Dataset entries
——
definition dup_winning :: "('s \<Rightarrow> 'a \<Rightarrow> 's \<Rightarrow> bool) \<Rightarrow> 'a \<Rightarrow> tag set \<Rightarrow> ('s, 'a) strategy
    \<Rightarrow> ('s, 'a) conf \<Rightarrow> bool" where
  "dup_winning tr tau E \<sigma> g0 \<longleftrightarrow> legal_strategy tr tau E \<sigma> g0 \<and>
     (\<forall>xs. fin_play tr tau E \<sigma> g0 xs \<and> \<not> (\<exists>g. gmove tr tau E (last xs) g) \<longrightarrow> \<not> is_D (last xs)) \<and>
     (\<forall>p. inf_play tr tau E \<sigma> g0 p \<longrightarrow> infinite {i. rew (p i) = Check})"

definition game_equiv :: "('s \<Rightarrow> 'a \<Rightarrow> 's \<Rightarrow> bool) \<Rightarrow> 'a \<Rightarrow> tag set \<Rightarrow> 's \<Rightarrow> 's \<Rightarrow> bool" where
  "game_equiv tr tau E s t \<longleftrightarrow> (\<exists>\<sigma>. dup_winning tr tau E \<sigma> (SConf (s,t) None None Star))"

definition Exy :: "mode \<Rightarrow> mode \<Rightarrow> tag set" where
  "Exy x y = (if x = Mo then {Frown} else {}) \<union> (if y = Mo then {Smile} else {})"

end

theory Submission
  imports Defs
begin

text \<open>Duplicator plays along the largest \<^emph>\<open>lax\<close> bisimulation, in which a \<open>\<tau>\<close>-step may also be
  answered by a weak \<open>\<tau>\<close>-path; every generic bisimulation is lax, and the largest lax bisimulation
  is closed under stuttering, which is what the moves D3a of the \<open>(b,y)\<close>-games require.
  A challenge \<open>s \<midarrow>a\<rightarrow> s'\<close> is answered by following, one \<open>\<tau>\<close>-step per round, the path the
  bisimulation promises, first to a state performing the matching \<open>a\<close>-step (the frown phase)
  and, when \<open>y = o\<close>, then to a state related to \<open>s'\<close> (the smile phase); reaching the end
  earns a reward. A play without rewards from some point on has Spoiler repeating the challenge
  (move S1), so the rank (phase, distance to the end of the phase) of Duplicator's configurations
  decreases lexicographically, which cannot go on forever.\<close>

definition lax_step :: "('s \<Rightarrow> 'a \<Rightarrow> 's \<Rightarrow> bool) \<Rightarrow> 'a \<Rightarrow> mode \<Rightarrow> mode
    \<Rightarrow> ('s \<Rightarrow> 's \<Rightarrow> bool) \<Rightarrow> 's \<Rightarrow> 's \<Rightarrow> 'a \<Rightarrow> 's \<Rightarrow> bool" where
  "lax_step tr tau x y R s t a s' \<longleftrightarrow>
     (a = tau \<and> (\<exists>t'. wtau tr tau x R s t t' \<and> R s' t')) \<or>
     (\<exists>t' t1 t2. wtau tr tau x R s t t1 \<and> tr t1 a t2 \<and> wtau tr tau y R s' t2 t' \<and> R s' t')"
——
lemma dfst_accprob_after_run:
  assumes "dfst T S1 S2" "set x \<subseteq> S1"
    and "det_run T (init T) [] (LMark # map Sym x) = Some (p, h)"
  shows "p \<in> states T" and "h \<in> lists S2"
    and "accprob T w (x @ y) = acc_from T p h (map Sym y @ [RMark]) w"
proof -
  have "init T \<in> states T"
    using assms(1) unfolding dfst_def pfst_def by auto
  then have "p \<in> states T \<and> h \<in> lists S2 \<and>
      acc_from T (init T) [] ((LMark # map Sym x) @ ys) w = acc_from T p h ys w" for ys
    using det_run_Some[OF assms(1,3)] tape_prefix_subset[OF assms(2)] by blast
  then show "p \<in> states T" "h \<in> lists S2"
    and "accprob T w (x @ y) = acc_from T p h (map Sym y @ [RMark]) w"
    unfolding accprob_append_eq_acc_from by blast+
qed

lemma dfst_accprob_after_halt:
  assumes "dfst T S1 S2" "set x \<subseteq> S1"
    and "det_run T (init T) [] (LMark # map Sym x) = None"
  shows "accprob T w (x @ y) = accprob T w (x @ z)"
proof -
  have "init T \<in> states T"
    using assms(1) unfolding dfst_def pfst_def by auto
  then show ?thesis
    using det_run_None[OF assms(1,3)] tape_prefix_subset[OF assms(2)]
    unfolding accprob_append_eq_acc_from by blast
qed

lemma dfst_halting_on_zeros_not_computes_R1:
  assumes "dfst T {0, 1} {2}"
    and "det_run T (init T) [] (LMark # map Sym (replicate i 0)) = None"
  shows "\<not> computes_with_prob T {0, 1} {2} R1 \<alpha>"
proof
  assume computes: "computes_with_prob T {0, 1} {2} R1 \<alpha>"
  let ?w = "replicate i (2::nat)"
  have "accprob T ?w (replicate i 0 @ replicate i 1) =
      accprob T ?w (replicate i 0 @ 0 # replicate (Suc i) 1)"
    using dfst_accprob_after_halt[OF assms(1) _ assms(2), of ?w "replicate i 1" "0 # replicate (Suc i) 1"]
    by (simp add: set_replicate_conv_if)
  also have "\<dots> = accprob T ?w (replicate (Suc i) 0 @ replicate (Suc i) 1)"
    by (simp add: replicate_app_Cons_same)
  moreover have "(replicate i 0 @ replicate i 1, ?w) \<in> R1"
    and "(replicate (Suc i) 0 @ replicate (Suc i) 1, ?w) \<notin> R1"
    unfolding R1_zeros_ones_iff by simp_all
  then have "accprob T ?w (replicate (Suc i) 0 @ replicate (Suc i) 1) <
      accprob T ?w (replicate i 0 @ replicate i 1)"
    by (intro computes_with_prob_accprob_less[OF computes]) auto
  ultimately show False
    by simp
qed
——
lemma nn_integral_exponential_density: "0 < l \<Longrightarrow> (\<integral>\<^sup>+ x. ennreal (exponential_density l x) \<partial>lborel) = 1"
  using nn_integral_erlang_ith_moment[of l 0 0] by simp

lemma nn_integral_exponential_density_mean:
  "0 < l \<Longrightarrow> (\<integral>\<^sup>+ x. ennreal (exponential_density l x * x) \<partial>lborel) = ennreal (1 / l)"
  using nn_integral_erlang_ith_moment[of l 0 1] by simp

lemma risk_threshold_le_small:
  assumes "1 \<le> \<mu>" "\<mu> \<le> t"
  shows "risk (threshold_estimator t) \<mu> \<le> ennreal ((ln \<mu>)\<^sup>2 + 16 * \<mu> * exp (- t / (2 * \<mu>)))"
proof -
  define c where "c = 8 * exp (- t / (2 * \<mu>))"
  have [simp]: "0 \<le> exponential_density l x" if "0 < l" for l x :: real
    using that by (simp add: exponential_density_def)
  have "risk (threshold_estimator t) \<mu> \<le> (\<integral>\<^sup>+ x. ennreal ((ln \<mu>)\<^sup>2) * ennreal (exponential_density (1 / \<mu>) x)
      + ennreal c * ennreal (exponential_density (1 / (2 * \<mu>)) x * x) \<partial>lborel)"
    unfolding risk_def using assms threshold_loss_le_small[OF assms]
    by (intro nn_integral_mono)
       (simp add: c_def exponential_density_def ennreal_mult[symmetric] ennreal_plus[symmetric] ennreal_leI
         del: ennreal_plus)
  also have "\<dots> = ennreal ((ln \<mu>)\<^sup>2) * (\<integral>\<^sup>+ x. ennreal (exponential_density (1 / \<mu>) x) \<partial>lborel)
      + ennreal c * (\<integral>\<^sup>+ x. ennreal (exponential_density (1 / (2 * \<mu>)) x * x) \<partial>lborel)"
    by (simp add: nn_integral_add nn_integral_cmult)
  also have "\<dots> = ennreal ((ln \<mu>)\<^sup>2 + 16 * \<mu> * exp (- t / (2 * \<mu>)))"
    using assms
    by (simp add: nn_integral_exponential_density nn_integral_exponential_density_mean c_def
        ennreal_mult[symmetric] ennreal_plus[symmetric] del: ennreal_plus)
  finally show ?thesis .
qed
——
> [WORK REQUIRED]
From the entries above, return exactly the line containing "(move S1), so", the line containing "bool) \<Rightarrow> 'a \<Rightarrow> mode \<Rightarrow> mode", and all lines between, and nothing else.

> [REPLY TO THE EXERCISE]
  (move S1), so the rank (phase, distance to the end of the phase) of Duplicator's configurations
  decreases lexicographically, which cannot go on forever.\<close>

definition lax_step :: "('s \<Rightarrow> 'a \<Rightarrow> 's \<Rightarrow> bool) \<Rightarrow> 'a \<Rightarrow> mode \<Rightarrow> mode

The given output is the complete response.